Records for the task |
lemma cocycle1_faces:
  assumes "cocycle1 X c" "singular_simplex 2 X \<sigma>"
  shows "c (singular_face 2 0 \<sigma>) \<longleftrightarrow> (c (singular_face 2 1 \<sigma>) \<noteq> c (singular_face 2 2 \<sigma>))"
  using assms unfolding cocycle1_def even_card_three_iff by blast

lemma cocycle1_linear_triangle:
  assumes "cocycle1 X c" "singular_simplex 2 X (linear_triangle a b d)"
  shows "c (linear_path b d) \<longleftrightarrow> (c (linear_path a d) \<noteq> c (linear_path a b))"
  using cocycle1_faces[OF assms] by (simp only: linear_triangle_faces)

lemma cocycle1_constant_path:
  assumes SC: "simplicial_complex M" and cc: "cocycle1 (realization_top M) c"
    and q: "q \<in> realization M"
  shows "\<not> c (linear_path q q)"
proof -
  have "singular_simplex 2 (realization_top M) (linear_triangle q q q)"
    using singular_simplex_linear_triangle[OF SC support_in_complex(1)[OF SC q]] q by auto
  from cocycle1_linear_triangle[OF cc this] show ?thesis
    by blast
qed

lemma cocycle1_edge_reverse:
  assumes SC: "simplicial_complex M" and cc: "cocycle1 (realization_top M) c"
    and e: "{u, w} \<in> M"
  shows "c (edge_simplex w u) \<longleftrightarrow> c (edge_simplex u w)"
proof -
  have u: "vertex_point u \<in> realization M" and w: "vertex_point w \<in> realization M"
    using simplicial_complex_face[OF SC e] vertex_point_in_realization by auto
  then have "singular_simplex 2 (realization_top M) (linear_triangle (vertex_point u) (vertex_point w) (vertex_point u))"
    using singular_simplex_linear_triangle[OF SC e] by auto
  from cocycle1_linear_triangle[OF cc this] cocycle1_constant_path[OF SC cc u] show ?thesis
    unfolding edge_simplex_eq_linear_path by blast
qed

lemma cocycle1_edge_through_point:
  assumes SC: "simplicial_complex M" and cc: "cocycle1 (realization_top M) c"
    and p: "p \<in> realization M" and u: "u \<in> support p" and w: "w \<in> support p"
  shows "c (edge_simplex u w) \<longleftrightarrow>
           (c (linear_path p (vertex_point w)) \<noteq> c (linear_path p (vertex_point u)))"
proof -
  note T = support_in_complex(1)[OF SC p]
  have "{u} \<in> M" "{w} \<in> M"
    using simplicial_complex_face[OF SC T] u w by auto
  then have "singular_simplex 2 (realization_top M) (linear_triangle p (vertex_point u) (vertex_point w))"
    using singular_simplex_linear_triangle[OF SC T] vertex_point_in_realization p u w by auto
  from cocycle1_linear_triangle[OF cc this] show ?thesis
    unfolding edge_simplex_eq_linear_path by blast
qed

section \<open>Subpaths of a singular 1-simplex\<close>

text \<open>
  A singular 1-simplex f is read as a path on [0,1] through the points (1-t, t) of the standard
  simplex; note that face 0 of f is then its value at t = 1.
\<close>

definition param_point :: "real \<Rightarrow> nat \<Rightarrow> real" where
  "param_point t = (\<lambda>i. if i = 0 then 1 - t else if i = 1 then t else 0)"

definition plane_point :: "real \<Rightarrow> real \<Rightarrow> nat \<Rightarrow> real" where
  "plane_point s t = (\<lambda>i. if i = 0 then s else if i = 1 then t else 0)"

definition path_at :: "((nat \<Rightarrow> real) \<Rightarrow> 'a) \<Rightarrow> real \<Rightarrow> 'a" where
  "path_at f t = f (param_point t)"

definition mapped_path ::
    "((nat \<Rightarrow> real) \<Rightarrow> 'a) \<Rightarrow> (nat \<Rightarrow> real) \<Rightarrow> (nat \<Rightarrow> real) \<Rightarrow> (nat \<Rightarrow> real) \<Rightarrow> 'a" where
  "mapped_path \<Phi> a b = restrict (\<lambda>x. \<Phi> (linear_path a b x)) (standard_simplex 1)"

definition mapped_triangle ::
    "((nat \<Rightarrow> real) \<Rightarrow> 'a) \<Rightarrow> (nat \<Rightarrow> real) \<Rightarrow> (nat \<Rightarrow> real) \<Rightarrow> (nat \<Rightarrow> real) \<Rightarrow> (nat \<Rightarrow> real) \<Rightarrow> 'a"
  where
  "mapped_triangle \<Phi> a b d = restrict (\<lambda>x. \<Phi> (linear_triangle a b d x)) (standard_simplex 2)"

definition subpath_simplex :: "((nat \<Rightarrow> real) \<Rightarrow> 'a) \<Rightarrow> real \<Rightarrow> real \<Rightarrow> (nat \<Rightarrow> real) \<Rightarrow> 'a" where
  "subpath_simplex f s t = mapped_path (\<lambda>y. path_at f (y 0)) (plane_point s 0) (plane_point t 0)"

lemma param_point_in_standard_simplex: "0 \<le> t \<Longrightarrow> t \<le> 1 \<Longrightarrow> param_point t \<in> standard_simplex 1"
  using mem_standard_simplex_1[of "param_point t"] by (simp add: param_point_def)
lemma transitive_language_lang:
  assumes "transitive_subshift A X"
  shows "transitive_language A (lang X)"
proof
  have X: "subshift A X"
    using assms by (simp add: transitive_subshift_def)
  then show "finite A"
    by (simp add: subshift_def)
  show "lang X \<subseteq> lists A"
    using X by (rule subshift_lang_subset_lists)
  show "q \<in> lang X" if pqs: "p @ q @ s \<in> lang X" and "q \<noteq> []" for p q s
  proof -
    obtain x i n where "x \<in> X" and pqs_eq: "p @ q @ s = factor x i n"
      using pqs by (metis in_langE)
    have len: "length p + length q + length s = n"
      using arg_cong[OF pqs_eq, of length] by simp
    have "q = take (length q) (drop (length p) (p @ q @ s))"
      by simp
    also have "\<dots> = factor x (i + length p) (length q)"
      using len by (simp only: pqs_eq) (simp add: drop_factor take_factor)
    finally have "q = factor x (i + length p) (length q)" .
    moreover have "factor x (i + length p) (length q) \<in> lang X"
      using \<open>x \<in> X\<close> \<open>q \<noteq> []\<close> by (intro factor_in_lang) auto
    ultimately show ?thesis
      by metis
  qed
  show "\<exists>a. a # w \<in> lang X" if w: "w \<in> lang X" for w
  proof -
    obtain x i n where "x \<in> X" "w = factor x i n"
      using w by (metis in_langE)
    moreover have "x \<in> shift ` X"
      using X \<open>x \<in> X\<close> by (simp add: subshift_def)
    then obtain y where "y \<in> X" "x = shift y"
      by blast
    ultimately have "y i # w = factor y i (Suc n)"
      by (simp add: factor_Suc_left factor_shift)
    then have "y i # w \<in> lang X"
      using factor_in_lang[OF \<open>y \<in> X\<close>, of "Suc n" i] by simp
    then show ?thesis ..
  qed
  show "\<exists>b. w @ [b] \<in> lang X" if w: "w \<in> lang X" for w
  proof -
    obtain x i n where "x \<in> X" "w = factor x i n"
      using w by (metis in_langE)
    then show ?thesis
      using factor_in_lang[of x X "Suc n" i] by (auto simp: factor_Suc)
  qed
  show "\<exists>z. u @ z @ v \<in> lang X" if "u \<in> lang X" "v \<in> lang X" for u v
    using lang_recurrent[OF assms that] .
qed

lemma special_factors_in_window:
  assumes X: "transitive_subshift A X" and aperiodic: "aperiodic_lang (lang X)"
    and "x \<in> X" "0 < n" "complexity X n < m"
  shows "\<exists>t\<in>{i..<i + m}. r_special (lang X) (factor x t n)"
    and "\<exists>t\<in>{i..<i + m}. l_special (lang X) (factor x t n)"
proof -
  interpret transitive_language A "lang X"
    using X by (rule transitive_language_lang)
  obtain a b where ab: "i \<le> a" "a < b" "b < i + m" "factor x a n = factor x b n"
  proof -
    have "(\<lambda>t. factor x t n) ` {i..<i + m} \<subseteq> {w \<in> lang X. length w = n}"
      using factor_in_lang[OF \<open>x \<in> X\<close> \<open>0 < n\<close>] by auto
    then have "card ((\<lambda>t. factor x t n) ` {i..<i + m}) \<le> complexity X n"
      unfolding complexity_def lang_n_def by (intro card_mono[OF finite_words_of_length])
    then have "card ((\<lambda>t. factor x t n) ` {i..<i + m}) < card {i..<i + m}"
      using assms(5) by simp
    then obtain a b where "a \<in> {i..<i + m}" "b \<in> {i..<i + m}" "a \<noteq> b"
        "factor x a n = factor x b n"
      using pigeonhole unfolding inj_on_def by blast
    then show thesis
      using that[of a b] that[of b a] by (cases "a < b") auto
  qed
  define W where "W = factor x a (b - a + n)"
  have W: "W \<in> lang X" "length W = (b - a) + n" "take n W = drop (b - a) W"
    using factor_in_lang[OF \<open>x \<in> X\<close>] ab \<open>0 < n\<close>
    by (simp_all add: W_def take_factor drop_factor)
  have window: "take n (drop c W) = factor x (a + c) n" if "c \<le> b - a" for c
    using that by (simp add: W_def drop_factor take_factor)
  obtain c where "c < b - a" "r_special (lang X) (take n (drop c W))"
    using r_special_factor_if_border[OF aperiodic W] ab(2) \<open>0 < n\<close> by auto
  with ab window show "\<exists>t\<in>{i..<i + m}. r_special (lang X) (factor x t n)"
    by (intro bexI[of _ "a + c"]) auto
  obtain c where "0 < c" "c \<le> b - a" "l_special (lang X) (take n (drop c W))"
    using l_special_factor_if_border[OF aperiodic W] ab(2) \<open>0 < n\<close> by auto
  with ab window show "\<exists>t\<in>{i..<i + m}. l_special (lang X) (factor x t n)"
    by (intro bexI[of _ "a + c"]) auto
qed
(* In the model described in the context, assume $n_i\ge 2$ for all $i$. The estimator $A_1=\frac{1}{\sum_{i=1}^a(n_i-1)n_i}\sum_{i=1}^a\sum_{1\le\ell_1<\ell_2\le n_i}(\boldsymbol X_{i,\ell_1}-\boldsymbol X_{i,\ell_2})^\top\boldsymbol T_S(\boldsymbol X_{i,\ell_1}-\boldsymbol X_{i,\ell_2})$ satisfies $E(A_1)=\operatorname{tr}(\boldsymbol T_S\boldsymbol\Sigma)$ (under the null hypothesis and under alternatives), and in each of the asymptotic frameworks (I)–(V) it is ratio consistent: $A_1/\operatorname{tr}(\boldsymbol T_S\boldsymbol\Sigma)\to1$ in probability.
   Context: Model: there are $a$ independent groups; for $i=1,\dots,a$ and $j=1,\dots,n_i$ the observations $\boldsymbol X_{i,j}\in\mathbb R^d$ are independent with $\boldsymbol X_{i,j}\sim\mathcal N_d(\boldsymbol\mu_i,\boldsymbol\Sigma)$, where $\boldsymbol\Sigma$ is a common positive definite $d\times d$ matrix. $N=\sum_i n_i$, $n_{\max}=\max_i n_i$. $\boldsymbol T_S$ is a nonzero $d\times d$ symmetric idempotent matrix. Asymptotic frameworks: all of $a,d,n_1,\dots,n_a,\boldsymbol\Sigma,\boldsymbol\mu_i,\boldsymbol T_S$ may depend on an index along which $N\to\infty$, and one of the following holds (quantities not listed stay bounded): (I) $a\to\infty$; (II) $a,d\to\infty$; (III) $a,n_{\max}\to\infty$; (IV) $d,n_{\max}\to\infty$; (V) $a,d,n_{\max}\to\infty$. *)

theory Defs
  imports "HOL-Probability.Probability"
begin

text \<open>Vectors in R^d are functions nat => real (only indices k < d matter);
d x d matrices are functions nat => nat => real (only indices k, l < d matter).\<close>

definition sym_mat :: "nat \<Rightarrow> (nat \<Rightarrow> nat \<Rightarrow> real) \<Rightarrow> bool" where
  "sym_mat d S \<longleftrightarrow> (\<forall>k<d. \<forall>l<d. S k l = S l k)"

definition quad_form :: "nat \<Rightarrow> (nat \<Rightarrow> nat \<Rightarrow> real) \<Rightarrow> (nat \<Rightarrow> real) \<Rightarrow> real" where
  "quad_form d S x = (\<Sum>k<d. \<Sum>l<d. x k * S k l * x l)"

definition pos_def_mat :: "nat \<Rightarrow> (nat \<Rightarrow> nat \<Rightarrow> real) \<Rightarrow> bool" where
  "pos_def_mat d S \<longleftrightarrow> sym_mat d S \<and>
     (\<forall>x. (\<exists>k<d. x k \<noteq> 0) \<longrightarrow> quad_form d S x > 0)"
(* Let $n\geq 2$ and for $1\le i,j\le n$ let $\Omega_{ij}=E_{ij}-E_{ji}\in\mathfrak{so}(n)$, where $E_{ij}$ is the matrix with $1$ in entry $(i,j)$ and $0$ elsewhere. Given index pairs $(i_0,j_0),\dots,(i_m,j_m)$ with $i_k\neq j_k$, consider the system on $\mathbb{S}^{n-1}$ \[ \dot x(t)=\Bigl(\Omega_{i_0j_0}+\sum_{k=1}^m u_k(t)\Omega_{i_kj_k}\Bigr)x(t),\qquad x(0)\in\mathbb{S}^{n-1}. \] Let $\mathcal{G}=(\mathcal{V},\mathcal{E})$ be the graph with vertex set $\mathcal{V}=\{v_1,\dots,v_n\}$ and edge set $\mathcal{E}=\{v_{i_0}v_{j_0},\dots,v_{i_m}v_{j_m}\}$. Then the system is controllable on $\mathbb{S}^{n-1}$ if and only if $\mathcal{G}$ is connected. *)

theory Defs
  imports "HOL-Analysis.Analysis"
begin

definition Omega :: "'n::finite \<Rightarrow> 'n \<Rightarrow> real^'n^'n" where
  "Omega i j = (\<chi> a b. (if a = i \<and> b = j then 1 else 0) - (if a = j \<and> b = i then 1 else 0))"

text \<open>Index pairs are the list ps = [(i_0,j_0),...,(i_m,j_m)], so m = length ps - 1.
  For a control value v (v k is u_k, k = 1..m) the system matrix is
  Omega_{i_0 j_0} + sum_{k=1}^m v k * Omega_{i_k j_k}.\<close>
definition sys_matrix :: "('n::finite \<times> 'n) list \<Rightarrow> (nat \<Rightarrow> real) \<Rightarrow> real^'n^'n" where
  "sys_matrix ps v = Omega (fst (ps!0)) (snd (ps!0))
     + (\<Sum>k\<in>{1..<length ps}. v k *\<^sub>R Omega (fst (ps!k)) (snd (ps!k)))"

text \<open>Admissible controls: piecewise constant on [0,T] (locally constant off a finite set).\<close>
definition piecewise_constant_on :: "real \<Rightarrow> (real \<Rightarrow> 'a) \<Rightarrow> bool" where
  "piecewise_constant_on T u \<longleftrightarrow>
     (\<exists>S. finite S \<and> (\<forall>t\<in>{0..T} - S. eventually (\<lambda>s. u s = u t) (at t)))"

definition is_trajectory ::
  "('n::finite \<times> 'n) list \<Rightarrow> real \<Rightarrow> (real \<Rightarrow> nat \<Rightarrow> real) \<Rightarrow> (real \<Rightarrow> real^'n) \<Rightarrow> bool" where
  "is_trajectory ps T u x \<longleftrightarrow> continuous_on {0..T} x \<and>
     (\<exists>S. finite S \<and> (\<forall>t\<in>{0<..<T} - S.
        (x has_vector_derivative (sys_matrix ps (u t) *v x t)) (at t)))"

definition reachable :: "('n::finite \<times> 'n) list \<Rightarrow> real^'n \<Rightarrow> real^'n \<Rightarrow> bool" where
  "reachable ps x0 x1 \<longleftrightarrow> (\<exists>T u x. T \<ge> 0 \<and> piecewise_constant_on T u \<and>
      is_trajectory ps T u x \<and> x 0 = x0 \<and> x T = x1)"

definition controllable_on_sphere :: "('n::finite \<times> 'n) list \<Rightarrow> bool" where
  "controllable_on_sphere ps \<longleftrightarrow>
     (\<forall>x0 x1::real^'n. norm x0 = 1 \<longrightarrow> norm x1 = 1 \<longrightarrow> reachable ps x0 x1)"

definition graph_connected :: "('n \<times> 'n) list \<Rightarrow> bool" where
  "graph_connected ps \<longleftrightarrow> (\<forall>v w. (v, w) \<in> (set ps \<union> (set ps)\<inverse>)\<^sup>*)"

end

theory Submission
  imports Defs
begin

(*
  Necessity: if the graph is disconnected, let D be the set of vertices not connected to
  some vertex v. No edge joins D to its complement, so x^T P_D Omega_ij x = 0 for every edge
  and the mass sum_{a in D} x_a^2 is conserved along trajectories: e_v cannot reach e_w
  for w in D.

  Sufficiency: call the coordinate plane (a,b) rotatable if all rotations in it are
  reachable. Constant controls give matrices A with A^3 = -w^2 A, whose flows are explicit
  (Rodrigues' formula). The drift rotates the plane of edge 0. A disjoint edge is rotated by
  the flow of Omega_0 + Omega_k once its turn in the plane of edge 0 is undone; for an edge
  sharing a vertex with edge 0, two half-period flows compose to a rotation with freely
  chosen angle in the plane of the two outer vertices. Conjugation by quarter turns chains
  rotatable planes along paths, so in a connected graph every plane (r,w) is rotatable, and
  Givens rotations carry any unit vector to e_r and back.
*)

lemma Omega_mult_vec_nth:
  "(Omega i j *v x) $ a = (if a = i then x $ j else 0) - (if a = j then x $ i else 0)"
proof -
  have "(Omega i j *v x) $ a = (\<Sum>b\<in>UNIV. (if a = i \<and> b = j then x $ b else 0))
      - (\<Sum>b\<in>UNIV. (if a = j \<and> b = i then x $ b else 0))"
    by (simp add: matrix_vector_mult_def Omega_def left_diff_distrib sum_subtractf
        if_distrib[where f="\<lambda>z. z * _"] cong: if_cong)
  then show ?thesis
    by (simp add: sum.If_cases)
qed

lemma Omega_swap: "Omega j i = - Omega i j"
  by (auto simp add: Omega_def vec_eq_iff)

lemma sys_matrix_single_control:
  assumes "k \<in> {1..<length ps}"
  shows "sys_matrix ps (\<lambda>j. if j = k then c else 0) =
     Omega (fst (ps!0)) (snd (ps!0)) + c *\<^sub>R Omega (fst (ps!k)) (snd (ps!k))"
  using assms by (simp add: sys_matrix_def if_distrib[where f="\<lambda>z. z *\<^sub>R _"] cong: if_cong)

lemma sys_matrix_zero_control: "sys_matrix ps (\<lambda>j. 0) = Omega (fst (ps!0)) (snd (ps!0))"
  by (simp add: sys_matrix_def)

lemma reachable_refl: "reachable ps x x"
  unfolding reachable_def
  by (rule exI[of _ 0], rule exI[of _ "\<lambda>_ _. 0"], rule exI[of _ "\<lambda>_. x"])
     (auto simp: piecewise_constant_on_def is_trajectory_def)

lemma notin_image_plus_diff: "(t::real) \<notin> (+) c ` S \<Longrightarrow> t - c \<notin> S"
  using image_eqI[of t "(+) c" "t - c" S] by auto

lemma piecewise_constant_on_join:
  assumes "piecewise_constant_on T1 u1" "piecewise_constant_on T2 u2"
  shows "piecewise_constant_on (T1 + T2) (\<lambda>t. if t \<le> T1 then u1 t else u2 (t - T1))"
    (is "piecewise_constant_on _ ?u")
proof -
  obtain S1 where S1: "finite S1" "\<And>t. t \<in> {0..T1} - S1 \<Longrightarrow> eventually (\<lambda>s. u1 s = u1 t) (at t)"
    using assms(1) unfolding piecewise_constant_on_def by blast
  obtain S2 where S2: "finite S2" "\<And>t. t \<in> {0..T2} - S2 \<Longrightarrow> eventually (\<lambda>s. u2 s = u2 t) (at t)"
    using assms(2) unfolding piecewise_constant_on_def by blast
  have "eventually (\<lambda>s. ?u s = ?u t) (at t)" if t: "t \<in> {0..T1 + T2} - (S1 \<union> (+) T1 ` S2 \<union> {T1})" for t
  proof (cases "t < T1")
    case True
    with t have "eventually (\<lambda>s. u1 s = u1 t) (at t)" by (intro S1(2)) auto
    with order_tendstoD(2)[OF tendsto_ident_at True] show ?thesis
      by eventually_elim (use True in auto)
  next
    case False
    with t have gt: "T1 < t" by auto
    from t gt have "eventually (\<lambda>s. u2 s = u2 (t - T1)) (at (t - T1))"
      by (intro S2(2)) (auto dest: notin_image_plus_diff)
    then have "eventually (\<lambda>s. u2 (s - T1) = u2 (t - T1)) (at t)"
      unfolding filtermap_at_shift[symmetric] eventually_filtermap .
    with order_tendstoD(1)[OF tendsto_ident_at gt] show ?thesis
      by eventually_elim (use gt in auto)
  qed
  then show ?thesis
    unfolding piecewise_constant_on_def using S1(1) S2(1)
    by (intro exI[of _ "S1 \<union> (+) T1 ` S2 \<union> {T1}"]) auto
qed

lemma is_trajectory_join:
  assumes "is_trajectory ps T1 u1 x1" "is_trajectory ps T2 u2 x2" "x1 T1 = x2 0"
  shows "is_trajectory ps (T1 + T2) (\<lambda>t. if t \<le> T1 then u1 t else u2 (t - T1))
      (\<lambda>t. if t \<le> T1 then x1 t else x2 (t - T1))"
    (is "is_trajectory _ _ ?u ?x")
proof -
  obtain R1 where R1: "finite R1" "continuous_on {0..T1} x1"
     "\<And>t. t \<in> {0<..<T1} - R1 \<Longrightarrow> (x1 has_vector_derivative (sys_matrix ps (u1 t) *v x1 t)) (at t)"
    using assms(1) unfolding is_trajectory_def by blast
  obtain R2 where R2: "finite R2" "continuous_on {0..T2} x2"
     "\<And>t. t \<in> {0<..<T2} - R2 \<Longrightarrow> (x2 has_vector_derivative (sys_matrix ps (u2 t) *v x2 t)) (at t)"
    using assms(2) unfolding is_trajectory_def by blast
  have "continuous_on {0..T1 + T2} ?x"
  proof (rule continuous_on_cases_le[where h="\<lambda>t. t"])
    show "continuous_on {t \<in> {0..T1 + T2}. t \<le> T1} x1"
      by (rule continuous_on_subset[OF R1(2)]) auto
    show "continuous_on {t \<in> {0..T1 + T2}. T1 \<le> t} (\<lambda>t. x2 (t - T1))"
      by (rule continuous_on_compose2[OF R2(2)]) (auto intro!: continuous_intros)
  qed (use assms(3) in \<open>auto intro: continuous_on_id\<close>)
  moreover have "(?x has_vector_derivative (sys_matrix ps (?u t) *v ?x t)) (at t)"
    if t: "t \<in> {0<..<T1 + T2} - (R1 \<union> (+) T1 ` R2 \<union> {T1})" for t
  proof (cases "t < T1")
    case True
    with t have "(x1 has_vector_derivative (sys_matrix ps (?u t) *v ?x t)) (at t)"
      by (auto intro: R1(3))
    then show ?thesis
      by (rule has_vector_derivative_transform_within_open[where S="{..<T1}"]) (use True in auto)
  next
    case False
    with t have gt: "T1 < t" by auto
    from t gt have "(x2 has_vector_derivative (sys_matrix ps (?u t) *v ?x t)) (at (t - T1))"
      by (auto intro!: R2(3) dest: notin_image_plus_diff)
    moreover have "((\<lambda>s. s - T1) has_vector_derivative 1) (at t)"
      by (auto intro!: derivative_eq_intros)
    ultimately have "((\<lambda>s. x2 (s - T1)) has_vector_derivative (sys_matrix ps (?u t) *v ?x t)) (at t)"
      using vector_diff_chain_at by (fastforce simp: o_def)
    then show ?thesis
      by (rule has_vector_derivative_transform_within_open[where S="{T1<..}"]) (use gt in auto)
  qed
  ultimately show ?thesis
    unfolding is_trajectory_def using R1(1) R2(1)
    by (intro conjI exI[of _ "R1 \<union> (+) T1 ` R2 \<union> {T1}"]) auto
qed

lemma reachable_trans [trans]:
  assumes "reachable ps x y" "reachable ps y z"
  shows "reachable ps x z"
proof -
  obtain T1 u1 x1 where 1: "T1 \<ge> 0" "piecewise_constant_on T1 u1" "is_trajectory ps T1 u1 x1"
      "x1 0 = x" "x1 T1 = y"
    using assms(1) unfolding reachable_def by blast
  obtain T2 u2 x2 where 2: "T2 \<ge> 0" "piecewise_constant_on T2 u2" "is_trajectory ps T2 u2 x2"
      "x2 0 = y" "x2 T2 = z"
    using assms(2) unfolding reachable_def by blast
  show ?thesis
    unfolding reachable_def
    using 1 2 piecewise_constant_on_join[OF 1(2) 2(2)] is_trajectory_join[OF 1(3) 2(3)]
    by (intro exI[of _ "T1 + T2"]) fastforce
qed

section \<open>Flows of constant controls\<close>

text \<open>For \<open>A\<^sup>3 = -w\<^sup>2 A\<close> this is \<open>exp (t A) x\<close> (Rodrigues' formula).\<close>

definition rodrigues :: "real^'n^'n \<Rightarrow> real \<Rightarrow> real \<Rightarrow> real^'n \<Rightarrow> real^'n" where
  "rodrigues A w t x =
     x + (sin (w * t) / w) *\<^sub>R (A *v x) + ((1 - cos (w * t)) / w\<^sup>2) *\<^sub>R (A *v (A *v x))"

What to produce |
Transcribe the records above exactly, beginning at the line that contains "by (simp add: matrix_vector_mult_def" and ending with the line that contains "by (simp add: sys_matrix_def)", both included, and nothing else.

Solution for this exercise |
    by (simp add: matrix_vector_mult_def Omega_def left_diff_distrib sum_subtractf
        if_distrib[where f="\<lambda>z. z * _"] cong: if_cong)
  then show ?thesis
    by (simp add: sum.If_cases)
qed

lemma Omega_swap: "Omega j i = - Omega i j"
  by (auto simp add: Omega_def vec_eq_iff)

lemma sys_matrix_single_control:
  assumes "k \<in> {1..<length ps}"
  shows "sys_matrix ps (\<lambda>j. if j = k then c else 0) =
     Omega (fst (ps!0)) (snd (ps!0)) + c *\<^sub>R Omega (fst (ps!k)) (snd (ps!k))"
  using assms by (simp add: sys_matrix_def if_distrib[where f="\<lambda>z. z *\<^sub>R _"] cong: if_cong)

lemma sys_matrix_zero_control: "sys_matrix ps (\<lambda>j. 0) = Omega (fst (ps!0)) (snd (ps!0))"
  by (simp add: sys_matrix_def)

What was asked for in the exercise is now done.